Provided information:
(* Let $M$ be a triangulated compact 3-manifold, possibly with boundary, with $t$ tetrahedra, and let $\mathcal{C}_M\subset\mathbb{R}^{7t}$ be its Haken normal cone. (1) $\mathcal{C}_M$ has at most $2^{7t}$ minimal vertex solutions. (2) The minimal Hilbert basis of $\mathcal{C}_M$ has at most $t^{7t}\,2^{49t^2+14t}$ elements.
   Context: Coordinates of $\mathbb{R}^{7t}$ are indexed by pairs (tetrahedron, elementary normal disk type), with 7 types per tetrahedron (4 triangle types separating one vertex from three, 3 quadrilateral types separating two vertices from two). The Haken normal cone $\mathcal{C}_M$ consists of the $v$ with all $v_i\ge0$ satisfying the matching equations: for each face shared by two tetrahedra and each pair of sides of that face, the sum of the coordinates of disk types in one tetrahedron meeting the face in an arc joining that pair of sides equals the corresponding sum in the other tetrahedron. A minimal vertex solution is the smallest nonzero integer point on an extreme ray of $\mathcal{C}_M$. The minimal Hilbert basis is the set of nonzero $v\in\mathcal{C}_M\cap\mathbb{Z}^{7t}$ not expressible as a sum of two nonzero elements of $\mathcal{C}_M\cap\mathbb{Z}^{7t}$. *)

theory Defs
  imports Complex_Main
begin

(* Tetrahedra are numbered 0..<t, vertices of each tetrahedron 0..<4.
   Face f of a tetrahedron (f < 4) is the face opposite vertex f.
   gl i f = Some (j, s) : face f of tetrahedron i is glued to face (s f)
   of tetrahedron j, vertex k of tetrahedron i (k <> f) going to vertex s k
   of tetrahedron j.  gl i f = None : face f of tetrahedron i is a
   boundary face.
   --------------------------------------------------------------------- *)

type_synonym gluing = "nat \<Rightarrow> nat \<Rightarrow> (nat \<times> (nat \<Rightarrow> nat)) option"
lemma assemble_slice: "x \<in> words n (Suc E) \<Longrightarrow> assemble n E (\<lambda>t. slice n E t x) = x"
  unfolding assemble_def slice_def words_def
  by (auto simp: fun_eq_iff tail_point_in_grid cons_tail_point)

lemma slice_in_axis_code:
  assumes "i < E" "t < n" "x \<in> axis_code n (Suc E) A (Suc i)"
  shows "slice n E t x \<in> axis_code n E (\<lambda>k. A (Suc k)) i"
  unfolding axis_code_def words_def
proof (intro CollectI conjI allI impI ballI)
  fix q assume q: "q \<in> lines n E i"
  then have "q \<in> grid n E" "cons_point E t q \<in> lines n (Suc E) (Suc i)"
    using assms(1,2) by (auto simp: lines_def cons_point_in_grid)
  moreover have "line_vec n (slice n E t x) i q = line_vec n x (Suc i) (cons_point E t q)"
    using \<open>q \<in> grid n E\<close> assms(1)
    by (auto simp: line_vec_def slice_def fun_eq_iff cons_point_fun_upd_Suc fun_upd_in_grid)
  ultimately show "line_vec n (slice n E t x) i q \<in> A (Suc i)"
    using assms(3) unfolding axis_code_def by auto
qed (simp add: slice_def)

lemma line_vec_assemble:
  assumes "p \<in> grid n (Suc E)" "i < E"
  shows "line_vec n (assemble n E g) (Suc i) p = line_vec n (g (p 0)) i (tail_point E p)"
  using assms by (auto simp: line_vec_def assemble_def fun_eq_iff tail_point_fun_upd_Suc fun_upd_in_grid)

lemma assemble_in_axis_code:
  assumes "i < E" "\<And>t. t < n \<Longrightarrow> g t \<in> axis_code n E (\<lambda>k. A (Suc k)) i"
  shows "assemble n E g \<in> axis_code n (Suc E) A (Suc i)"
  unfolding axis_code_def words_def
proof (intro CollectI conjI allI impI ballI)
  fix p assume "p \<in> lines n (Suc E) (Suc i)"
  then have "p \<in> grid n (Suc E)" "tail_point E p \<in> lines n E i"
    using assms(1) by (auto simp: lines_def tail_point_in_grid tail_point_apply)
  moreover have "g (p 0) \<in> axis_code n E (\<lambda>k. A (Suc k)) i"
    using assms(2) grid_Suc_head_less \<open>p \<in> grid n (Suc E)\<close> by blast
  ultimately show "line_vec n (assemble n E g) (Suc i) p \<in> A (Suc i)"
    using line_vec_assemble[OF \<open>p \<in> grid n (Suc E)\<close> assms(1), of g]
    unfolding axis_code_def by auto
qed (simp add: assemble_def)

Exercise objective: Retype all of the material, keeping each line exact.

Worked solution:
(* Let $M$ be a triangulated compact 3-manifold, possibly with boundary, with $t$ tetrahedra, and let $\mathcal{C}_M\subset\mathbb{R}^{7t}$ be its Haken normal cone. (1) $\mathcal{C}_M$ has at most $2^{7t}$ minimal vertex solutions. (2) The minimal Hilbert basis of $\mathcal{C}_M$ has at most $t^{7t}\,2^{49t^2+14t}$ elements.
   Context: Coordinates of $\mathbb{R}^{7t}$ are indexed by pairs (tetrahedron, elementary normal disk type), with 7 types per tetrahedron (4 triangle types separating one vertex from three, 3 quadrilateral types separating two vertices from two). The Haken normal cone $\mathcal{C}_M$ consists of the $v$ with all $v_i\ge0$ satisfying the matching equations: for each face shared by two tetrahedra and each pair of sides of that face, the sum of the coordinates of disk types in one tetrahedron meeting the face in an arc joining that pair of sides equals the corresponding sum in the other tetrahedron. A minimal vertex solution is the smallest nonzero integer point on an extreme ray of $\mathcal{C}_M$. The minimal Hilbert basis is the set of nonzero $v\in\mathcal{C}_M\cap\mathbb{Z}^{7t}$ not expressible as a sum of two nonzero elements of $\mathcal{C}_M\cap\mathbb{Z}^{7t}$. *)

theory Defs
  imports Complex_Main
begin

(* Tetrahedra are numbered 0..<t, vertices of each tetrahedron 0..<4.
   Face f of a tetrahedron (f < 4) is the face opposite vertex f.
   gl i f = Some (j, s) : face f of tetrahedron i is glued to face (s f)
   of tetrahedron j, vertex k of tetrahedron i (k <> f) going to vertex s k
   of tetrahedron j.  gl i f = None : face f of tetrahedron i is a
   boundary face.
   --------------------------------------------------------------------- *)

type_synonym gluing = "nat \<Rightarrow> nat \<Rightarrow> (nat \<times> (nat \<Rightarrow> nat)) option"
lemma assemble_slice: "x \<in> words n (Suc E) \<Longrightarrow> assemble n E (\<lambda>t. slice n E t x) = x"
  unfolding assemble_def slice_def words_def
  by (auto simp: fun_eq_iff tail_point_in_grid cons_tail_point)

lemma slice_in_axis_code:
  assumes "i < E" "t < n" "x \<in> axis_code n (Suc E) A (Suc i)"
  shows "slice n E t x \<in> axis_code n E (\<lambda>k. A (Suc k)) i"
  unfolding axis_code_def words_def
proof (intro CollectI conjI allI impI ballI)
  fix q assume q: "q \<in> lines n E i"
  then have "q \<in> grid n E" "cons_point E t q \<in> lines n (Suc E) (Suc i)"
    using assms(1,2) by (auto simp: lines_def cons_point_in_grid)
  moreover have "line_vec n (slice n E t x) i q = line_vec n x (Suc i) (cons_point E t q)"
    using \<open>q \<in> grid n E\<close> assms(1)
    by (auto simp: line_vec_def slice_def fun_eq_iff cons_point_fun_upd_Suc fun_upd_in_grid)
  ultimately show "line_vec n (slice n E t x) i q \<in> A (Suc i)"
    using assms(3) unfolding axis_code_def by auto
qed (simp add: slice_def)

lemma line_vec_assemble:
  assumes "p \<in> grid n (Suc E)" "i < E"
  shows "line_vec n (assemble n E g) (Suc i) p = line_vec n (g (p 0)) i (tail_point E p)"
  using assms by (auto simp: line_vec_def assemble_def fun_eq_iff tail_point_fun_upd_Suc fun_upd_in_grid)

lemma assemble_in_axis_code:
  assumes "i < E" "\<And>t. t < n \<Longrightarrow> g t \<in> axis_code n E (\<lambda>k. A (Suc k)) i"
  shows "assemble n E g \<in> axis_code n (Suc E) A (Suc i)"
  unfolding axis_code_def words_def
proof (intro CollectI conjI allI impI ballI)
  fix p assume "p \<in> lines n (Suc E) (Suc i)"
  then have "p \<in> grid n (Suc E)" "tail_point E p \<in> lines n E i"
    using assms(1) by (auto simp: lines_def tail_point_in_grid tail_point_apply)
  moreover have "g (p 0) \<in> axis_code n E (\<lambda>k. A (Suc k)) i"
    using assms(2) grid_Suc_head_less \<open>p \<in> grid n (Suc E)\<close> by blast
  ultimately show "line_vec n (assemble n E g) (Suc i) p \<in> A (Suc i)"
    using line_vec_assemble[OF \<open>p \<in> grid n (Suc E)\<close> assms(1), of g]
    unfolding axis_code_def by auto
qed (simp add: assemble_def)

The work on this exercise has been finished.